Task objective -> Write the records out once more, exactly as they appear below.

Exercise materials: Begin

lemma teq_Idm_cmp_tns:
  assumes typed: "mor_type (Cmp f g) \<noteq> None" "validob z"
  shows "Tns (Idm z) (Cmp f g) \<simeq> Cmp (Tns (Idm z) f) (Tns (Idm z) g)"
proof -
  have "Tns (Idm z) (Cmp f g) \<simeq> Tns (Cmp (Idm z) (Idm z)) (Cmp f g)"
    using typed by (intro teq_tns_cong teq_sym[OF teq_id_left] teq_refl) auto
  also have "\<dots> \<simeq> Cmp (Tns (Idm z) f) (Tns (Idm z) g)"
    using typed by (intro teq_interchange) (auto split: option.splits if_splits)
  finally show ?thesis .
qed

lemma teq_cmp_tns_Idm:
  assumes typed: "mor_type (Cmp f g) \<noteq> None" "validob z"
  shows "Tns (Cmp f g) (Idm z) \<simeq> Cmp (Tns f (Idm z)) (Tns g (Idm z))"
proof -
  have "Tns (Cmp f g) (Idm z) \<simeq> Tns (Cmp f g) (Cmp (Idm z) (Idm z))"
    using typed by (intro teq_tns_cong teq_sym[OF teq_id_left] teq_refl) auto
  also have "\<dots> \<simeq> Cmp (Tns f (Idm z)) (Tns g (Idm z))"
    using typed by (intro teq_interchange) (auto split: option.splits if_splits)
  finally show ?thesis .
qed

lemma teq_tns_slide_right:
  assumes "Cmp p h \<simeq> Cmp h' q" and "mor_type f = Some (x, y)"
  shows "Cmp (Tns f p) (Tns (Idm x) h) \<simeq> Cmp (Tns (Idm y) h') (Tns f q)"
proof -
  have typed: "mor_type (Cmp p h) \<noteq> None" "mor_type (Cmp h' q) \<noteq> None" "validob x" "validob y"
    using teq_typed[OF assms(1)] teq_typed[OF teq_sym[OF assms(1)]] mor_type_validob[OF assms(2)]
    by auto
  have "Cmp (Tns f p) (Tns (Idm x) h) \<simeq> Tns (Cmp f (Idm x)) (Cmp p h)"
    using typed assms(2) by (intro teq_sym[OF teq_interchange]) (auto split: option.splits if_splits)
  also have "\<dots> \<simeq> Tns f (Cmp h' q)"
    using typed assms by (intro teq_tns_cong teq_id_right) auto
  also have "\<dots> \<simeq> Tns (Cmp (Idm y) f) (Cmp h' q)"
    using typed assms by (intro teq_tns_cong teq_sym[OF teq_id_left] teq_refl) auto
  also have "\<dots> \<simeq> Cmp (Tns (Idm y) h') (Tns f q)"
    using typed assms by (intro teq_interchange) (auto split: option.splits if_splits)
  finally show ?thesis .
qed

lemma teq_tns_slide_left:
  assumes "Cmp p h \<simeq> Cmp h' q" and "mor_type g = Some (x, y)"
  shows "Cmp (Tns p g) (Tns h (Idm x)) \<simeq> Cmp (Tns h' (Idm y)) (Tns q g)"
proof -
  have typed: "mor_type (Cmp p h) \<noteq> None" "mor_type (Cmp h' q) \<noteq> None" "validob x" "validob y"
    using teq_typed[OF assms(1)] teq_typed[OF teq_sym[OF assms(1)]] mor_type_validob[OF assms(2)]
    by auto
  have "Cmp (Tns p g) (Tns h (Idm x)) \<simeq> Tns (Cmp p h) (Cmp g (Idm x))"
    using typed assms(2) by (intro teq_sym[OF teq_interchange]) (auto split: option.splits if_splits)
  also have "\<dots> \<simeq> Tns (Cmp h' q) g"
    using typed assms by (intro teq_tns_cong teq_id_right) auto
  also have "\<dots> \<simeq> Tns (Cmp h' q) (Cmp (Idm y) g)"
    using typed assms by (intro teq_tns_cong teq_sym[OF teq_id_left] teq_refl) auto
  also have "\<dots> \<simeq> Cmp (Tns h' (Idm y)) (Tns q g)"
    using typed assms by (intro teq_interchange) (auto split: option.splits if_splits)
  finally show ?thesis .
qed

lemma teq_add_cancel:
  assumes "mor_type f = Some (x, y)" and "mor_type g = Some (x, y)"
  shows "f \<simeq> Ad (Ad f g) (Sm (-1) g)"
proof -
  have "validob x" "validob y"
    using mor_type_validob[OF assms(1)] by auto
  have "f \<simeq> Ad f (Zr x y)"
    using assms by (intro teq_sym[OF teq_add_zero])
  also have "\<dots> \<simeq> Ad f (Ad g (Sm (-1) g))"
    using assms \<open>validob x\<close> \<open>validob y\<close>
    by (intro teq_ad_cong teq_refl teq_sym[OF teq_add_neg]) auto
  also have "\<dots> \<simeq> Ad (Ad f g) (Sm (-1) g)"
    using assms by (intro teq_sym[OF teq_add_assoc]) auto
  finally show ?thesis .
qed

section \<open>Traversing black words with a red strand\<close>

fun black_word :: "'k ob list \<Rightarrow> bool" where
  "black_word [] = True"
| "black_word (Blk n # x) \<longleftrightarrow> n \<ge> 1 \<and> black_word x"
| "black_word (Red v # x) = False"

Exercise materials: End

The completed task ->
lemma teq_Idm_cmp_tns:
  assumes typed: "mor_type (Cmp f g) \<noteq> None" "validob z"
  shows "Tns (Idm z) (Cmp f g) \<simeq> Cmp (Tns (Idm z) f) (Tns (Idm z) g)"
proof -
  have "Tns (Idm z) (Cmp f g) \<simeq> Tns (Cmp (Idm z) (Idm z)) (Cmp f g)"
    using typed by (intro teq_tns_cong teq_sym[OF teq_id_left] teq_refl) auto
  also have "\<dots> \<simeq> Cmp (Tns (Idm z) f) (Tns (Idm z) g)"
    using typed by (intro teq_interchange) (auto split: option.splits if_splits)
  finally show ?thesis .
qed

lemma teq_cmp_tns_Idm:
  assumes typed: "mor_type (Cmp f g) \<noteq> None" "validob z"
  shows "Tns (Cmp f g) (Idm z) \<simeq> Cmp (Tns f (Idm z)) (Tns g (Idm z))"
proof -
  have "Tns (Cmp f g) (Idm z) \<simeq> Tns (Cmp f g) (Cmp (Idm z) (Idm z))"
    using typed by (intro teq_tns_cong teq_sym[OF teq_id_left] teq_refl) auto
  also have "\<dots> \<simeq> Cmp (Tns f (Idm z)) (Tns g (Idm z))"
    using typed by (intro teq_interchange) (auto split: option.splits if_splits)
  finally show ?thesis .
qed

lemma teq_tns_slide_right:
  assumes "Cmp p h \<simeq> Cmp h' q" and "mor_type f = Some (x, y)"
  shows "Cmp (Tns f p) (Tns (Idm x) h) \<simeq> Cmp (Tns (Idm y) h') (Tns f q)"
proof -
  have typed: "mor_type (Cmp p h) \<noteq> None" "mor_type (Cmp h' q) \<noteq> None" "validob x" "validob y"
    using teq_typed[OF assms(1)] teq_typed[OF teq_sym[OF assms(1)]] mor_type_validob[OF assms(2)]
    by auto
  have "Cmp (Tns f p) (Tns (Idm x) h) \<simeq> Tns (Cmp f (Idm x)) (Cmp p h)"
    using typed assms(2) by (intro teq_sym[OF teq_interchange]) (auto split: option.splits if_splits)
  also have "\<dots> \<simeq> Tns f (Cmp h' q)"
    using typed assms by (intro teq_tns_cong teq_id_right) auto
  also have "\<dots> \<simeq> Tns (Cmp (Idm y) f) (Cmp h' q)"
    using typed assms by (intro teq_tns_cong teq_sym[OF teq_id_left] teq_refl) auto
  also have "\<dots> \<simeq> Cmp (Tns (Idm y) h') (Tns f q)"
    using typed assms by (intro teq_interchange) (auto split: option.splits if_splits)
  finally show ?thesis .
qed

lemma teq_tns_slide_left:
  assumes "Cmp p h \<simeq> Cmp h' q" and "mor_type g = Some (x, y)"
  shows "Cmp (Tns p g) (Tns h (Idm x)) \<simeq> Cmp (Tns h' (Idm y)) (Tns q g)"
proof -
  have typed: "mor_type (Cmp p h) \<noteq> None" "mor_type (Cmp h' q) \<noteq> None" "validob x" "validob y"
    using teq_typed[OF assms(1)] teq_typed[OF teq_sym[OF assms(1)]] mor_type_validob[OF assms(2)]
    by auto
  have "Cmp (Tns p g) (Tns h (Idm x)) \<simeq> Tns (Cmp p h) (Cmp g (Idm x))"
    using typed assms(2) by (intro teq_sym[OF teq_interchange]) (auto split: option.splits if_splits)
  also have "\<dots> \<simeq> Tns (Cmp h' q) g"
    using typed assms by (intro teq_tns_cong teq_id_right) auto
  also have "\<dots> \<simeq> Tns (Cmp h' q) (Cmp (Idm y) g)"
    using typed assms by (intro teq_tns_cong teq_sym[OF teq_id_left] teq_refl) auto
  also have "\<dots> \<simeq> Cmp (Tns h' (Idm y)) (Tns q g)"
    using typed assms by (intro teq_interchange) (auto split: option.splits if_splits)
  finally show ?thesis .
qed

lemma teq_add_cancel:
  assumes "mor_type f = Some (x, y)" and "mor_type g = Some (x, y)"
  shows "f \<simeq> Ad (Ad f g) (Sm (-1) g)"
proof -
  have "validob x" "validob y"
    using mor_type_validob[OF assms(1)] by auto
  have "f \<simeq> Ad f (Zr x y)"
    using assms by (intro teq_sym[OF teq_add_zero])
  also have "\<dots> \<simeq> Ad f (Ad g (Sm (-1) g))"
    using assms \<open>validob x\<close> \<open>validob y\<close>
    by (intro teq_ad_cong teq_refl teq_sym[OF teq_add_neg]) auto
  also have "\<dots> \<simeq> Ad (Ad f g) (Sm (-1) g)"
    using assms by (intro teq_sym[OF teq_add_assoc]) auto
  finally show ?thesis .
qed

section \<open>Traversing black words with a red strand\<close>

fun black_word :: "'k ob list \<Rightarrow> bool" where
  "black_word [] = True"
| "black_word (Blk n # x) \<longleftrightarrow> n \<ge> 1 \<and> black_word x"
| "black_word (Red v # x) = False"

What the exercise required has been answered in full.